Production of ROS following the addition of t-BHP in N2a cells
In previous studies, ROS were detected with dichlorofluroscein acetyoxymethyl ester (DCF-AM). However, the overlap of DCF-AM fluorescent wavelengths with those of the GFP from the adenovirus made DCF unsuitable for the current studies. Therefore, Cell-Rox Orange-AM, which complements GFP fluorescence, was used to detect increases in ROS. Addition of t-BHP increased Cell-Rox orange whether it was measured by imaging with fluorescence microscopy or with a plate reader. t-BHP increased ROS in N2a cells in a dose and time dependent manner (Supplementary Figure S3). The response was similar whether it was done with imaging or the plate reader. As a reference to previous studies, dose and time responses were also established for menadione and H2O2 with Cell-Rox Orange (Supplementary Figure S4).
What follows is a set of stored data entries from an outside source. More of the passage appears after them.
lemma cycle_edges_cyclic_nth:
  assumes "xs \<noteq> []"
  shows "cycle_edges xs = range (\<lambda>i. {cyclic_nth xs i, cyclic_nth xs (i + 1)})"
proof (intro equalityI subsetI)
  fix e assume "e \<in> cycle_edges xs"
  then obtain k where "k < length xs" "e = {xs ! k, xs ! ((k + 1) mod length xs)}"
    unfolding cycle_edges_def by blast
  then have "e = {cyclic_nth xs (int k), cyclic_nth xs (int k + 1)}"
    by (simp add: cyclic_nth_of_nat cyclic_nth_Suc)
  then show "e \<in> range (\<lambda>i. {cyclic_nth xs i, cyclic_nth xs (i + 1)})" by blast
next
  fix e assume "e \<in> range (\<lambda>i. {cyclic_nth xs i, cyclic_nth xs (i + 1)})"
  then obtain i where e: "e = {cyclic_nth xs i, cyclic_nth xs (i + 1)}" by blast
  define k where "k = nat (i mod int (length xs))"
  have k: "k < length xs" "int k = i mod int (length xs)"
    using assms by (simp_all add: k_def nat_less_iff)
  have "cyclic_nth xs (i + 1) = cyclic_nth xs (int k + 1)"
    using cyclic_nth_mod k(2) by (metis mod_add_left_eq)
  then have "e = {xs ! k, xs ! ((k + 1) mod length xs)}"
    using e cyclic_nth_mod k by (metis cyclic_nth_of_nat cyclic_nth_Suc)
  with k(1) show "e \<in> cycle_edges xs" unfolding cycle_edges_def by blast
qed

lemma hole_list_induced_cycle:
  assumes hole: "hole_list hs" and "set hs \<subseteq> S"
    and edges: "\<forall>u\<in>set hs. \<forall>v\<in>set hs. d_adj S c u v \<longleftrightarrow> {u, v} \<in> cycle_edges hs"
  shows "induced_cycle S c (int (length hs)) (cyclic_nth hs)"
proof -
  let ?f = "cyclic_nth hs" and ?n = "int (length hs)"
  have "distinct hs" and ne: "hs \<noteq> []" using hole unfolding hole_list_def by auto
  then have eq: "?f i = ?f k \<longleftrightarrow> ?n dvd (i - k)" for i k
    by (rule cyclic_nth_eq_iff)
  have range: "range ?f = set hs" using range_cyclic_nth[OF ne] .
  have adj: "d_adj S c (?f i) (?f k) \<longleftrightarrow> ?f k = ?f (i + 1) \<or> ?f k = ?f (i - 1)" for i k
  proof -
    have "d_adj S c (?f i) (?f k) \<longleftrightarrow> (\<exists>m. {?f i, ?f k} = {?f m, ?f (m + 1)})"
      using edges range cycle_edges_cyclic_nth[OF ne] by blast
    also have "\<dots> \<longleftrightarrow> ?f k = ?f (i + 1) \<or> ?f k = ?f (i - 1)"
    proof
      assume "\<exists>m. {?f i, ?f k} = {?f m, ?f (m + 1)}"
      then obtain m where "(?f i = ?f m \<and> ?f k = ?f (m + 1)) \<or> (?f i = ?f (m + 1) \<and> ?f k = ?f m)"
        by (auto simp: doubleton_eq_iff)
      moreover have "i + 1 - (m + 1) = i - m" "i - 1 - m = i - (m + 1)" by simp_all
      ultimately show "?f k = ?f (i + 1) \<or> ?f k = ?f (i - 1)" by (metis eq)
    next
      assume "?f k = ?f (i + 1) \<or> ?f k = ?f (i - 1)"
      then show "\<exists>m. {?f i, ?f k} = {?f m, ?f (m + 1)}"
        by (metis add.commute diff_add_cancel insert_commute)
    qed
    finally show ?thesis .
  qed
  show ?thesis
    unfolding induced_cycle_def using hole assms(2) range eq adj by (auto simp: hole_list_def)
qed

lemma induced_cycle_neq:
  "induced_cycle S c n f \<Longrightarrow> 0 < \<bar>i - k\<bar> \<Longrightarrow> \<bar>i - k\<bar> < n \<Longrightarrow> f i \<noteq> f k"
  using induced_cycleD(3) int_not_dvd_small by blast

lemma range_reflect: "range (\<lambda>i :: int. f (- i)) = range f"
  by (auto simp: image_iff) (metis minus_minus)

section \<open>Antennas and pivot of a hole\<close>

locale derived = burling +
  fixes S :: "'a set"
  assumes S_subset: "S \<subseteq> V"
begin

lemma d_arcD: "d_arc S c u v \<Longrightarrow> u \<in> V \<and> v \<in> V \<and> v \<in> c u"
  using S_subset unfolding d_arc_def by blast

lemma d_arc_asym: "d_arc S c u v \<Longrightarrow> \<not> d_arc S c v u"
  using d_arcD arc_asym by blast

lemma d_adj_incomparable: "d_adj S c u v \<Longrightarrow> \<not> anc u v"
  unfolding d_adj_def using d_arcD arc_incomparable by blast

lemma strict_anc_step:
  assumes "z \<in> S" "anc z y" "z \<noteq> y" "d_adj S c y w" "\<not> d_adj S c z w"
  shows "anc z w \<and> z \<noteq> w"
proof -
  have "y \<in> V" "w \<in> V" and arc: "w \<in> c y \<or> y \<in> c w"
    using assms(4) d_arcD unfolding d_adj_def by blast+
  from strict_anc_neighbour[OF this(1,2) assms(2,3) arc] assms(1,4,5) show ?thesis
    unfolding d_adj_def d_arc_def by blast
qed

lemma strict_anc_walk:
  assumes "z \<in> S" "anc z (g 0)" "z \<noteq> g 0"
    and "\<forall>i<k. d_adj S c (g i) (g (Suc i))"
    and "\<forall>i. 0 < i \<and> i \<le> k \<longrightarrow> \<not> d_adj S c z (g i)"
  shows "anc z (g k) \<and> z \<noteq> g k"
  using assms(4,5)
proof (induction k)
  case 0
  with assms(2,3) show ?case by simp
next
  case (Suc k)
  then have "anc z (g k) \<and> z \<noteq> g k" by simp
  moreover have "d_adj S c (g k) (g (Suc k))" "\<not> d_adj S c z (g (Suc k))"
    using Suc.prems by auto
  ultimately show ?case using strict_anc_step[OF assms(1)] by blast
qed

text \<open>A vertex m of minimal depth is a source, or else so is an in-neighbour y of m: an arc
  into y would have a tail of the same depth as y, making y a last-born without out-arcs.\<close>
lemma ex_hole_source:
  assumes "H \<subseteq> S" "H \<noteq> {}" shows "\<exists>s. hole_source S c H s"
proof -
  obtain m where m: "m \<in> H" "\<And>y. y \<in> H \<Longrightarrow> depth m \<le> depth y"
    using ex_has_least_nat[of "\<lambda>y. y \<in> H" _ depth] assms(2) by blast
  show ?thesis
  proof (cases "hole_source S c H m")
    case False
    then obtain y where y: "y \<in> H" "d_arc S c y m"
      using m(1) unfolding hole_source_def d_adj_def by blast
    have "d_arc S c y y'" if y': "y' \<in> H" "d_arc S c y' y" for y'
    proof -
      have "depth y' \<le> depth y" "depth y \<le> depth m" "depth m \<le> depth y'"
        using arc_depth d_arcD y y' m(2) by blast+
      then have "y = lb (par y')" using arc_depth d_arcD y' by fastforce
      then have "c y = {}"
        using last_born_no_arcs last_born_sibling arc_branch d_arcD y'(2) by metis
      then show ?thesis using d_arcD y(2) by blast
    qed
    then have "hole_source S c H y" using y(1) unfolding hole_source_def d_adj_def by blast
    then show ?thesis by blast
  qed blast
qed

text \<open>s and t are the antennas of the hole H and p is its pivot.\<close>
definition pivot_triple :: "'a set \<Rightarrow> 'a \<Rightarrow> 'a \<Rightarrow> 'a \<Rightarrow> bool" where
  "pivot_triple H s p t \<longleftrightarrow> p \<in> H \<and> t \<noteq> s \<and> hole_source S c H s \<and> hole_source S c H t
     \<and> d_arc S c s p \<and> d_arc S c t p \<and> (\<forall>v\<in>H. d_adj S c p v \<longrightarrow> v = s \<or> v = t)
     \<and> (\<forall>y\<in>H - {s, p, t}. anc p y \<and> p \<noteq> y)"

text \<open>Walking from f (j - 1) away from f (j + 1), no vertex before f (j + 2) is adjacent
  to f (j + 1).\<close>
lemma strict_anc_far_side:
  assumes cyc: "induced_cycle S c n f" and up: "anc (f (j + 1)) (f (j - 1))"
    and k: "int k \<le> n - 4"
  shows "anc (f (j + 1)) (f (j - 1 - int k)) \<and> f (j + 1) \<noteq> f (j - 1 - int k)"
proof (rule strict_anc_walk[where g = "\<lambda>k. f (j - 1 - int k)"])
  note adj = induced_cycleD(4)[OF cyc] and neq = induced_cycle_neq[OF cyc]
  have n: "4 \<le> n" by (rule induced_cycleD(1)[OF cyc])
  show "f (j + 1) \<in> S" "anc (f (j + 1)) (f (j - 1 - int 0))"
    using induced_cycleD(2)[OF cyc] up by simp_all
  show "f (j + 1) \<noteq> f (j - 1 - int 0)" using neq[of "j + 1" "j - 1"] n by simp
  show "\<forall>i<k. d_adj S c (f (j - 1 - int i)) (f (j - 1 - int (Suc i)))"
    using adj by (simp add: algebra_simps)
  show "\<forall>i. 0 < i \<and> i \<le> k \<longrightarrow> \<not> d_adj S c (f (j + 1)) (f (j - 1 - int i))"
  proof (intro allI impI)
    fix i assume "0 < i \<and> i \<le> k"
    then have "f (j - 1 - int i) \<noteq> f (j + 1 + 1)" "f (j - 1 - int i) \<noteq> f (j + 1 - 1)"
      using neq[of "j - 1 - int i" "j + 1 + 1"] neq[of "j - 1 - int i" "j + 1 - 1"] k by auto
    then show "\<not> d_adj S c (f (j + 1)) (f (j - 1 - int i))" using adj by blast
  qed
qed

lemma pivot_triple_oriented:
  assumes cyc: "induced_cycle S c n f" and src: "hole_source S c (range f) (f j)"
    and up: "anc (f (j + 1)) (f (j - 1))"
  shows "pivot_triple (range f) (f j) (f (j + 1)) (f (j + 2))"
proof -
  note eq = induced_cycleD(3)[OF cyc] and adj = induced_cycleD(4)[OF cyc]
    and below = strict_anc_far_side[OF cyc up]
  have n: "4 \<le> n" by (rule induced_cycleD(1)[OF cyc])
  have fS: "f i \<in> S" for i by (rule induced_cycleD(2)[OF cyc])
  let ?p = "f (j + 1)" and ?t = "f (j + 2)"
  have arc_sp: "d_arc S c (f j) ?p"
    using src adj[of j "j + 1"] unfolding hole_source_def by blast
  have "f (j - 1 - int (nat (n - 4))) = f (j + 3)" using eq n by simp
  then have below3: "anc ?p (f (j + 3)) \<and> ?p \<noteq> f (j + 3)"
    using below[of "nat (n - 4)"] n by simp
  have "d_adj S c (f (j + 3)) ?t" using adj[of "j + 3" "j + 2"] by (simp add: add.commute)
  then have "?t \<in> c (f (j + 3)) \<or> f (j + 3) \<in> c ?t"
    unfolding d_adj_def d_arc_def by blast
  then have "anc ?p ?t \<and> ?p \<noteq> ?t \<or> ?p \<in> c ?t \<and> f (j + 3) \<in> c ?t"
    using strict_anc_neighbour below3 fS S_subset by blast
  moreover have "d_adj S c ?p ?t" using adj by (simp add: add.commute)
  ultimately have arcs_t: "d_arc S c ?t ?p" "d_arc S c ?t (f (j + 3))"
    using d_adj_incomparable fS unfolding d_arc_def by blast+
  have "hole_source S c (range f) ?t"
    unfolding hole_source_def
  proof (intro conjI ballI impI)
    fix y assume "y \<in> range f" "d_adj S c ?t y"
    then have "y = f (j + 2 + 1) \<or> y = f (j + 2 - 1)" using adj by blast
    then show "d_arc S c ?t y" using arcs_t by (auto simp: algebra_simps)
  qed simp
  moreover have "\<forall>v\<in>range f. d_adj S c ?p v \<longrightarrow> v = f j \<or> v = ?t"
    using adj by (auto simp: algebra_simps)
  moreover have "anc ?p y \<and> ?p \<noteq> y" if y: "y \<in> range f - {f j, ?p, ?t}" for y
  proof -
    obtain i where i: "y = f i" using y by blast
    obtain k :: nat where k: "int k < n" "f i = f (j - 1 - int k)"
      by (rule induced_cycle_reindex[OF cyc])
    have "int k \<noteq> n - 1" "int k \<noteq> n - 2" "int k \<noteq> n - 3"
      using y i k(2) eq by auto
    then show ?thesis using below[of k] k i by simp
  qed
  moreover have "?t \<noteq> f j" using induced_cycle_neq[OF cyc, of "j + 2" j] n by simp
  ultimately show ?thesis
    unfolding pivot_triple_def using src arc_sp arcs_t by blast
qed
Acute or long term reduction of KGDHC activity altered the response to oxidants in N2a cells differently
Acute inhibition of KGDHC increased resting ROS from 12 FU to 15 FU (+26%) (Figure 3A). The final values for ROS after t-BHP were similar with or without CESP. However, the delta after t-BHP declined from 13.6 to 7.2 (−47%) (Figure 3A).
Figure 3.
Acute and long term reduction of KGHC altered ROS differently with or without t-BHP in N2a cells.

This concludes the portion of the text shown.